» AVAILABLE DATA
(* Let $G$ be a finite simple graph, and suppose $w_1(u)=c$ for all $u\in V(G)$, where $c$ is a fixed real number. Then for any edge weight function $w$, the multiplicity of $c$ as a root of $\eta_{(w,w_1)}(G,x)$ equals $\mathrm{def}(G)$, the number of vertices left uncovered by a maximum matching of $G$.
   Context: An edge weight function $w$ assigns a nonzero complex number to each edge; induced subgraphs carry restricted weights. For $A\subseteq E(G)$, $w(A)=\prod_{e\in A}w(e)$. $\mu_w(G,x)=\sum_{M}(-1)^{|M|}|w(M)|^2x^{n-2|M|}$ over all matchings $M$ of $G$ (including empty), $n=|V(G)|$. $\eta_{(w,w_1)}(G,x)=\sum_{S\subseteq V(G)}(-1)^{|V(G)\setminus S|}\big(\prod_{y\in V(G)\setminus S}w_1(y)\big)\mu_w(G[S],x)$ with $G[S]$ the induced subgraph and $\mu_w$ of the empty graph equal to $1$. *)

theory Defs
  imports Complex_Main "HOL-Computational_Algebra.Polynomial"
begin

definition simple_graph :: "'a set \<Rightarrow> 'a set set \<Rightarrow> bool" where
  "simple_graph V E \<longleftrightarrow> finite V \<and>
     (\<forall>e\<in>E. \<exists>u v. e = {u, v} \<and> u \<noteq> v \<and> u \<in> V \<and> v \<in> V)"

definition matchings :: "'a set set \<Rightarrow> 'a set set set" where
  "matchings E = {M. M \<subseteq> E \<and> (\<forall>e1\<in>M. \<forall>e2\<in>M. e1 \<noteq> e2 \<longrightarrow> e1 \<inter> e2 = {})}"

definition induced_edges :: "'a set set \<Rightarrow> 'a set \<Rightarrow> 'a set set" where
  "induced_edges E S = {e \<in> E. e \<subseteq> S}"

definition mu_w :: "'a set \<Rightarrow> 'a set set \<Rightarrow> ('a set \<Rightarrow> complex) \<Rightarrow> complex poly" where
  "mu_w V E w = (\<Sum>M\<in>matchings E.
      monom ((-1) ^ card M * complex_of_real ((cmod (\<Prod>e\<in>M. w e))\<^sup>2)) (card V - 2 * card M))"

definition eta :: "'a set \<Rightarrow> 'a set set \<Rightarrow> ('a set \<Rightarrow> complex) \<Rightarrow> ('a \<Rightarrow> complex) \<Rightarrow> complex poly" where
  "eta V E w w1 = (\<Sum>S\<in>Pow V.
      [: (-1) ^ card (V - S) * (\<Prod>y\<in>V - S. w1 y) :] * mu_w S (induced_edges E S) w)"

definition matching_number :: "'a set set \<Rightarrow> nat" where
  "matching_number E = Max (card ` matchings E)"

definition deficiency :: "'a set \<Rightarrow> 'a set set \<Rightarrow> nat" where
  "deficiency V E = card V - 2 * matching_number E"

end

theory Submission
  imports Defs
begin

text \<open>With a constant vertex weight \<open>c\<close>, the subsets \<open>S\<close> containing the vertices covered by
  a matching \<open>M\<close> contribute, by the binomial theorem, exactly
  \<open>(-1)^|M| |w(M)|^2 (x - c)^(n - 2|M|)\<close>. Hence \<open>(x - c)^def(G)\<close> divides \<open>\<eta>\<close>, and the
  cofactor evaluated at \<open>c\<close> is \<open>(-1)^\<nu>\<close> times the sum of \<open>|w(M)|^2 > 0\<close> over the
  maximum matchings \<open>M\<close>, which does not vanish.\<close>

definition matching_weight :: "('a set \<Rightarrow> complex) \<Rightarrow> 'a set set \<Rightarrow> complex" where
  "matching_weight w M = (-1) ^ card M * complex_of_real ((cmod (\<Prod>e\<in>M. w e))\<^sup>2)"

lemma mu_w_eq:
  "mu_w V E w = (\<Sum>M\<in>matchings E. monom (matching_weight w M) (card V - 2 * card M))"
  unfolding mu_w_def matching_weight_def ..

lemma sum_Pow_power_card:
  fixes x y :: "'b::comm_semiring_1"
  assumes "finite U"
  shows "(\<Sum>T\<in>Pow U. x ^ card T * y ^ card (U - T)) = (x + y) ^ card U"
proof -
  have "(x + y) ^ card U = (\<Prod>_\<in>U. x + y)" by simp
  also have "\<dots> = (\<Sum>T\<in>Pow U. (\<Prod>_\<in>T. x) * (\<Prod>_\<in>U - T. y))"
    by (rule prod_add[OF assms])
  finally show ?thesis by simp
qed

lemma sum_supersets_monom:
  fixes K a :: "'b::comm_ring_1"
  assumes "finite V" "W \<subseteq> V"
  shows "(\<Sum>S\<in>{S \<in> Pow V. W \<subseteq> S}. [:(-K) ^ card (V - S):] * monom a (card S - card W))
       = smult a ([:-K, 1:] ^ card (V - W))"
proof -
  define U where "U = V - W"
  have fin: "finite U" "finite W" using assms finite_subset unfolding U_def by blast+
  have image: "(\<lambda>T. W \<union> T) ` Pow U = {S \<in> Pow V. W \<subseteq> S}"
    unfolding U_def using assms(2) by (auto intro!: image_eqI[of _ _ "_ - W"])
  have inj: "inj_on (\<lambda>T. W \<union> T) (Pow U)"
    unfolding U_def by (auto simp: inj_on_def)
  have summand: "[:(-K) ^ card (V - (W \<union> T)):] * monom a (card (W \<union> T) - card W)
      = smult a ([:0, 1:] ^ card T * [:-K:] ^ card (U - T))" if "T \<in> Pow U" for T
  proof -
    have "V - (W \<union> T) = U - T" unfolding U_def by blast
    moreover have "card (W \<union> T) = card W + card T"
      using that fin by (intro card_Un_disjoint) (auto simp: U_def finite_subset)
    ultimately show ?thesis by (simp add: monom_altdef poly_const_pow mult_ac)
  qed
  have "(\<Sum>S\<in>{S \<in> Pow V. W \<subseteq> S}. [:(-K) ^ card (V - S):] * monom a (card S - card W))
      = (\<Sum>T\<in>Pow U. smult a ([:0, 1:] ^ card T * [:-K:] ^ card (U - T)))"
    unfolding image[symmetric] sum.reindex[OF inj] o_def using summand by (rule sum.cong[OF refl])
  also have "\<dots> = smult a ([:-K, 1:] ^ card U)"
    using sum_Pow_power_card[OF fin(1), of "[:0, 1:]" "[:-K:]"]
      sum_distrib_left[of "[:a:]" "\<lambda>T. [:0, 1:] ^ card T * [:-K:] ^ card (U - T)" "Pow U"]
    by simp
  finally show ?thesis unfolding U_def .
qed

lemma order_sum_smult_linear_power:
  fixes b :: "'i \<Rightarrow> 'b::idom"
  assumes "finite A" "A \<noteq> {}"
    and "(\<Sum>i\<in>{i \<in> A. f i = Min (f ` A)}. b i) \<noteq> 0"
  shows "order a (\<Sum>i\<in>A. smult (b i) ([:-a, 1:] ^ f i)) = Min (f ` A)"
proof -
  define m where "m = Min (f ` A)"
  define q where "q = (\<Sum>i\<in>A. smult (b i) ([:-a, 1:] ^ (f i - m)))"
  have m_le: "m \<le> f i" if "i \<in> A" for i
    unfolding m_def using assms(1) that by simp
  have factor: "(\<Sum>i\<in>A. smult (b i) ([:-a, 1:] ^ f i)) = [:-a, 1:] ^ m * q"
    unfolding q_def sum_distrib_left
    by (intro sum.cong refl) (simp add: m_le power_add[symmetric])
  have "poly q a = (\<Sum>i\<in>A. if f i = m then b i else 0)"
    unfolding q_def poly_sum using m_le by (intro sum.cong) (auto simp: le_less)
  also have "\<dots> = (\<Sum>i\<in>{i \<in> A. f i = m}. b i)"
    using assms(1) by (simp add: sum.inter_filter)
  finally have "poly q a \<noteq> 0" using assms(3) unfolding m_def by simp
  then have "order a ([:-a, 1:] ^ m * q) = m"
    by (subst order_mult) (auto simp: order_power_n_n order_0I)
  then show ?thesis unfolding factor m_def .
qed

lemma matchings_induced_edges:
  "matchings (induced_edges E S) = {M \<in> matchings E. \<Union>M \<subseteq> S}"
  unfolding matchings_def induced_edges_def by blast

lemma finite_matchings: "finite E \<Longrightarrow> finite (matchings E)"
  unfolding matchings_def by auto

lemma matching_number_ge: "finite E \<Longrightarrow> M \<in> matchings E \<Longrightarrow> card M \<le> matching_number E"
  unfolding matching_number_def by (simp add: finite_matchings)

lemma matching_number_attained:
  assumes "finite E"
  obtains M where "M \<in> matchings E" "card M = matching_number E"
proof -
  have "{} \<in> matchings E" unfolding matchings_def by auto
  then have "matching_number E \<in> card ` matchings E"
    unfolding matching_number_def using assms by (intro Max_in) (auto simp: finite_matchings)
  then show ?thesis using that by (metis imageE)
qed

lemma simple_graph_finite_edges:
  assumes "simple_graph V E" shows "finite E"
proof -
  have "E \<subseteq> Pow V" using assms unfolding simple_graph_def by auto
  then show ?thesis using assms unfolding simple_graph_def by (meson finite_Pow_iff finite_subset)
qed

lemma
  assumes "simple_graph V E" "M \<in> matchings E"
  shows matching_Union_subset: "\<Union>M \<subseteq> V"
    and card_Union_matching: "card (\<Union>M) = 2 * card M"
proof -
  have edge: "e \<subseteq> V \<and> card e = 2" if "e \<in> M" for e
    using assms that unfolding simple_graph_def matchings_def by fastforce
  then show "\<Union>M \<subseteq> V" by blast
  have "finite V" using assms(1) unfolding simple_graph_def by simp
  have "card (\<Union>M) = sum card M"
  proof (rule card_Union_disjoint)
    show "pairwise disjnt M"
      using assms(2) unfolding matchings_def pairwise_def disjnt_def by blast
    show "finite e" if "e \<in> M" for e
      using edge[OF that] \<open>finite V\<close> finite_subset by blast
  qed
  also have "\<dots> = (\<Sum>_\<in>M. 2)" using edge by (intro sum.cong) auto
  finally show "card (\<Union>M) = 2 * card M" by simp
qed

lemma two_card_matching_le:
  assumes "simple_graph V E" "M \<in> matchings E"
  shows "2 * card M \<le> card V"
  using assms card_mono matching_Union_subset card_Union_matching
  unfolding simple_graph_def by metis

lemma eta_const_vertex_weight:
  assumes "simple_graph V E" "\<forall>u\<in>V. w1 u = K"
  shows "eta V E w w1
       = (\<Sum>M\<in>matchings E. smult (matching_weight w M) ([:-K, 1:] ^ (card V - 2 * card M)))"
proof -
  let ?t = "\<lambda>M S. [:(-K) ^ card (V - S):] * monom (matching_weight w M) (card S - 2 * card M)"
  have finV: "finite V" using assms(1) unfolding simple_graph_def by simp
  have coeff: "(-1) ^ card (V - S) * (\<Prod>y\<in>V - S. w1 y) = (-K) ^ card (V - S)" for S
  proof -
    have "(\<Prod>y\<in>V - S. w1 y) = K ^ card (V - S)"
      using assms(2) by (simp add: prod_constant[symmetric] del: prod_constant)
    then show ?thesis by (simp add: power_minus[of K])
  qed
  have "eta V E w w1 = (\<Sum>S\<in>Pow V. \<Sum>M\<in>{M \<in> matchings E. \<Union>M \<subseteq> S}. ?t M S)"
    unfolding eta_def mu_w_eq matchings_induced_edges coeff by (simp add: sum_distrib_left)
  also have "\<dots> = (\<Sum>M\<in>matchings E. \<Sum>S\<in>{S \<in> Pow V. \<Union>M \<subseteq> S}. ?t M S)"
    using finV simple_graph_finite_edges[OF assms(1)]
    by (intro sum.swap_restrict) (auto simp: finite_matchings)
  also have "\<dots> = (\<Sum>M\<in>matchings E.
      smult (matching_weight w M) ([:-K, 1:] ^ (card V - 2 * card M)))"
  proof (intro sum.cong refl)
    fix M assume M: "M \<in> matchings E"
    note sub = matching_Union_subset[OF assms(1) M] and card = card_Union_matching[OF assms(1) M]
    have "card (V - \<Union>M) = card V - 2 * card M"
      using finV sub card by (simp add: card_Diff_subset finite_subset)
    then show "(\<Sum>S\<in>{S \<in> Pow V. \<Union>M \<subseteq> S}. ?t M S)
        = smult (matching_weight w M) ([:-K, 1:] ^ (card V - 2 * card M))"
      using sum_supersets_monom[OF finV sub, of K] card by simp
  qed
  finally show ?thesis .
qed

lemma sum_matching_weight_card_eq_nonzero:
  assumes "finite E" "\<forall>e\<in>E. w e \<noteq> 0" "M0 \<in> matchings E"
  shows "(\<Sum>M\<in>{M \<in> matchings E. card M = card M0}. matching_weight w M) \<noteq> 0"
proof -
  let ?A = "{M \<in> matchings E. card M = card M0}"
  have "M0 \<subseteq> E" using assms(3) unfolding matchings_def by simp
  moreover from this have "finite M0" using assms(1) by (rule finite_subset)
  ultimately have "(\<Prod>e\<in>M0. w e) \<noteq> 0"
    using assms(2) by auto
  then have pos: "(\<Sum>M\<in>?A. (cmod (\<Prod>e\<in>M. w e))\<^sup>2) > 0"
    using assms(1,3) by (intro sum_pos2[of _ M0]) (auto simp: finite_matchings)
  have "(\<Sum>M\<in>?A. matching_weight w M)
      = (-1) ^ card M0 * complex_of_real (\<Sum>M\<in>?A. (cmod (\<Prod>e\<in>M. w e))\<^sup>2)"
    unfolding matching_weight_def by (simp add: sum_distrib_left)
  moreover have "complex_of_real (\<Sum>M\<in>?A. (cmod (\<Prod>e\<in>M. w e))\<^sup>2) \<noteq> 0"
    using pos by (simp del: of_real_sum)
  ultimately show ?thesis by (simp del: of_real_sum)
qed

theorem lemma6p6:
  fixes V :: "'a set" and E :: "'a set set"
    and w :: "'a set \<Rightarrow> complex" and w1 :: "'a \<Rightarrow> complex" and c :: real
  assumes "simple_graph V E"
    and "\<forall>e\<in>E. w e \<noteq> 0"
    and "\<forall>u\<in>V. w1 u = complex_of_real c"
  shows "order (complex_of_real c) (eta V E w w1) = deficiency V E"
proof -
  define f where "f M = card V - 2 * card M" for M :: "'a set set"
  have finE: "finite E" using simple_graph_finite_edges[OF assms(1)] .
  obtain M0 where M0: "M0 \<in> matchings E" "card M0 = matching_number E"
    using matching_number_attained[OF finE] .
  have "f M0 \<le> f M" if "M \<in> matchings E" for M
    using matching_number_ge[OF finE that] M0(2) unfolding f_def by simp
  then have min_f: "Min (f ` matchings E) = f M0"
    using M0(1) by (intro Min_eqI) (auto simp: finite_matchings[OF finE])
  then have min: "Min (f ` matchings E) = deficiency V E"
    unfolding f_def deficiency_def M0(2) .
  have "f M = f M0 \<longleftrightarrow> card M = card M0" if "M \<in> matchings E" for M
    using two_card_matching_le[OF assms(1) that] two_card_matching_le[OF assms(1) M0(1)]
    unfolding f_def by arith
  then have "{M \<in> matchings E. f M = Min (f ` matchings E)} = {M \<in> matchings E. card M = card M0}"
    using min_f by auto
  then have "order (complex_of_real c)
      (\<Sum>M\<in>matchings E. smult (matching_weight w M) ([:-complex_of_real c, 1:] ^ f M))
      = Min (f ` matchings E)"
    using M0(1) finite_matchings[OF finE] sum_matching_weight_card_eq_nonzero[OF finE assms(2) M0(1)]
    by (intro order_sum_smult_linear_power) auto
  then show ?thesis
    unfolding eta_const_vertex_weight[OF assms(1,3)] min f_def .
qed

end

» WORK TO BE COMPLETED
State how many lines in the entries hold "longleftrightarrow". Nothing should come before or after the number.

» RESPONSE
2